Report each line of the listing that carries the word "removable".
Segment Start: THE DATA
(* Let $V$ be a neighborhood of $0$ in $\mathbb{C}$. Let $h$ be meromorphic in $V$, let $B$ be holomorphic and zero-free in $V\setminus\{0\}$ with $|B(z)|=1$ for all $z\in (V\cap\mathbb{R})\setminus\{0\}$, and let $\phi$ be a univalent holomorphic function on $\{z\in V:\operatorname{Im} z>0\}$ satisfying $\phi'=Bh$ there. Then the singularity of $B$ at $0$ is removable. *)

theory Defs
  imports "HOL-Complex_Analysis.Complex_Analysis"
begin

end

theory Submission
  imports Defs
begin

text \<open>
  Near 0 write \<open>h z = g z * z powi n\<close> with \<open>g\<close> holomorphic and zero-free; \<open>h\<close> cannot vanish
  identically near 0 because the derivative of the univalent \<open>\<phi>\<close> never vanishes. In the upper
  half-plane \<open>B'/B = \<phi>''/\<phi>' - g'/g - n/z\<close>, and the distortion estimate
  \<open>|\<phi>''(z)/\<phi>'(z)| \<le> C / d\<close> for functions univalent on a disc of radius \<open>d\<close> around \<open>z\<close>
  gives \<open>|B'/B| \<le> C / Im z + K / |z|\<close>. Since \<open>|B| = 1\<close> on the real axis, reflection yields
  \<open>B z * cnj (B (cnj z)) = 1\<close>, so the same bound holds in the lower half-plane. A Cauchy integral
  over circles centred on the real axis, against a kernel vanishing on the real axis, improves it to
  \<open>|B'/B| \<le> K' / |z|\<close>. Integrating \<open>B'/B\<close> along circular arcs that start on the real axis,
  where \<open>ln |B| = 0\<close>, bounds \<open>|ln |B||\<close>; hence \<open>B\<close> is bounded near 0 and its singularity is
  removable.
\<close>

section \<open>Distortion of univalent functions\<close>

text \<open>
  If the image contained the closed disc of radius 2, the inverse of \<open>f\<close> would map that disc into
  the unit disc, and Cauchy's inequality on the circle of radius \<open>3/2\<close> would bound its derivative at 0
  by \<open>2/3\<close>, although it is 1.
\<close>

lemma normalized_univalent_omits_value:
  fixes f :: "complex \<Rightarrow> complex"
  assumes holf: "f holomorphic_on ball 0 1" and inj: "inj_on f (ball 0 1)"
    and f0: "f 0 = 0" and df0: "deriv f 0 = 1"
  obtains w where "w \<notin> f ` ball 0 1" "norm w \<le> 2"
proof -
  have False if sub: "cball 0 2 \<subseteq> f ` ball 0 1"
  proof -
    obtain g where g: "g holomorphic_on f ` ball 0 1"
      "\<And>z. z \<in> ball 0 1 \<Longrightarrow> deriv f z * deriv g (f z) = 1"
      "\<And>z. z \<in> ball 0 1 \<Longrightarrow> g (f z) = z"
      using holomorphic_has_inverse[OF holf open_ball inj] by blast
    have "g holomorphic_on ball 0 2"
      using g(1) sub by (meson ball_subset_cball holomorphic_on_subset order_trans)
    then have holg: "g holomorphic_on ball 0 (3/2)"
      by (rule holomorphic_on_subset) auto
    have "norm ((deriv ^^ 1) g 0) \<le> fact 1 * 1 / (3/2)^1"
    proof (rule Cauchy_inequality[OF holg])
      show "continuous_on (cball 0 (3/2)) g"
        using \<open>g holomorphic_on ball 0 2\<close>
        by (intro holomorphic_on_imp_continuous_on) (rule holomorphic_on_subset, auto)
      fix x :: complex assume "norm (0 - x) = 3/2"
      then have "x \<in> f ` ball 0 1" using sub by auto
      then obtain z where "z \<in> ball 0 1" "x = f z" by blast
      then show "norm (g x) \<le> 1" using g(3) by auto
    qed auto
    moreover have "deriv g 0 = 1" using g(2)[of 0] f0 df0 by simp
    ultimately show False by simp
  qed
  then show thesis using that by (meson mem_cball_0 subsetI)
qed
(* Let $n\ge2$, $h=0$, $\epsilon\in[-1,1]$. For any two distinct stable states $s_1,s_2\in\mathcal X_s$, $$\Gamma_s:=\Phi(s_1,s_2)-H(s_1)=\begin{cases}\frac{n^2}{2}+|\epsilon|n & n\text{ even},\\ \frac{n^2-1}{2}+|\epsilon|(n+1) & n\text{ odd}.\end{cases}$$
   Context: Setup. The graph $\mathcal G(2,n)$ has vertex set $V=V^{(1)}\cup V^{(2)}$ with $V^{(1)}=\{1,\dots,n\}$, $V^{(2)}=\{n+1,\dots,2n\}$; its edge set is $E=E_{\mathrm{int}}\cup E_{\mathrm{cross}}$, where $E_{\mathrm{int}}$ consists of all pairs of distinct vertices in the same $V^{(k)}$ and $E_{\mathrm{cross}}=\{\{i,i+n\}:1\le i\le n\}$. The configuration space is $\mathcal X=\{-1,+1\}^V$ and $H(\sigma)=-\sum_{\{i,j\}\in E_{\mathrm{int}}}\sigma_i\sigma_j-\epsilon\sum_{\{i,j\}\in E_{\mathrm{cross}}}\sigma_i\sigma_j-h\sum_{i\in V}\sigma_i$. The stable states $\mathcal X_s$ are the global minimizers of $H$. Two configurations are neighbours if they differ at exactly one vertex; a path is a finite sequence of configurations with consecutive ones neighbours; $\Phi(\eta,\eta')=\min_{\omega:\eta\to\eta'}\max_{\zeta\in\omega}H(\zeta)$, the minimum over paths from $\eta$ to $\eta'$. *)

theory Defs
  imports Main Complex_Main
begin

text \<open>Graph G(2,n): vertices 1..2n; V1 = 1..n, V2 = n+1..2n.\<close>

definition verts :: "nat \<Rightarrow> nat set" where
  "verts n = {1..2*n}"

text \<open>Internal edges as ordered pairs (i,j) with i < j in the same block
  (each unordered edge counted once).\<close>
definition int_edges :: "nat \<Rightarrow> (nat \<times> nat) set" where
  "int_edges n = {(i,j). 1 \<le> i \<and> i < j \<and> j \<le> n} \<union> {(i,j). n+1 \<le> i \<and> i < j \<and> j \<le> 2*n}"

definition cross_edges :: "nat \<Rightarrow> (nat \<times> nat) set" where
  "cross_edges n = {(i, i+n) | i. 1 \<le> i \<and> i \<le> n}"

text \<open>Configurations: spins +1/-1 on the vertices, 0 (irrelevant dummy value) elsewhere.\<close>
definition configs :: "nat \<Rightarrow> (nat \<Rightarrow> int) set" where
  "configs n = {\<sigma>. (\<forall>i\<in>verts n. \<sigma> i = 1 \<or> \<sigma> i = -1) \<and> (\<forall>i. i \<notin> verts n \<longrightarrow> \<sigma> i = 0)}"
Segment End: THE DATA
EXERCISE ANSWER:
(* Let $V$ be a neighborhood of $0$ in $\mathbb{C}$. Let $h$ be meromorphic in $V$, let $B$ be holomorphic and zero-free in $V\setminus\{0\}$ with $|B(z)|=1$ for all $z\in (V\cap\mathbb{R})\setminus\{0\}$, and let $\phi$ be a univalent holomorphic function on $\{z\in V:\operatorname{Im} z>0\}$ satisfying $\phi'=Bh$ there. Then the singularity of $B$ at $0$ is removable. *)
  removable.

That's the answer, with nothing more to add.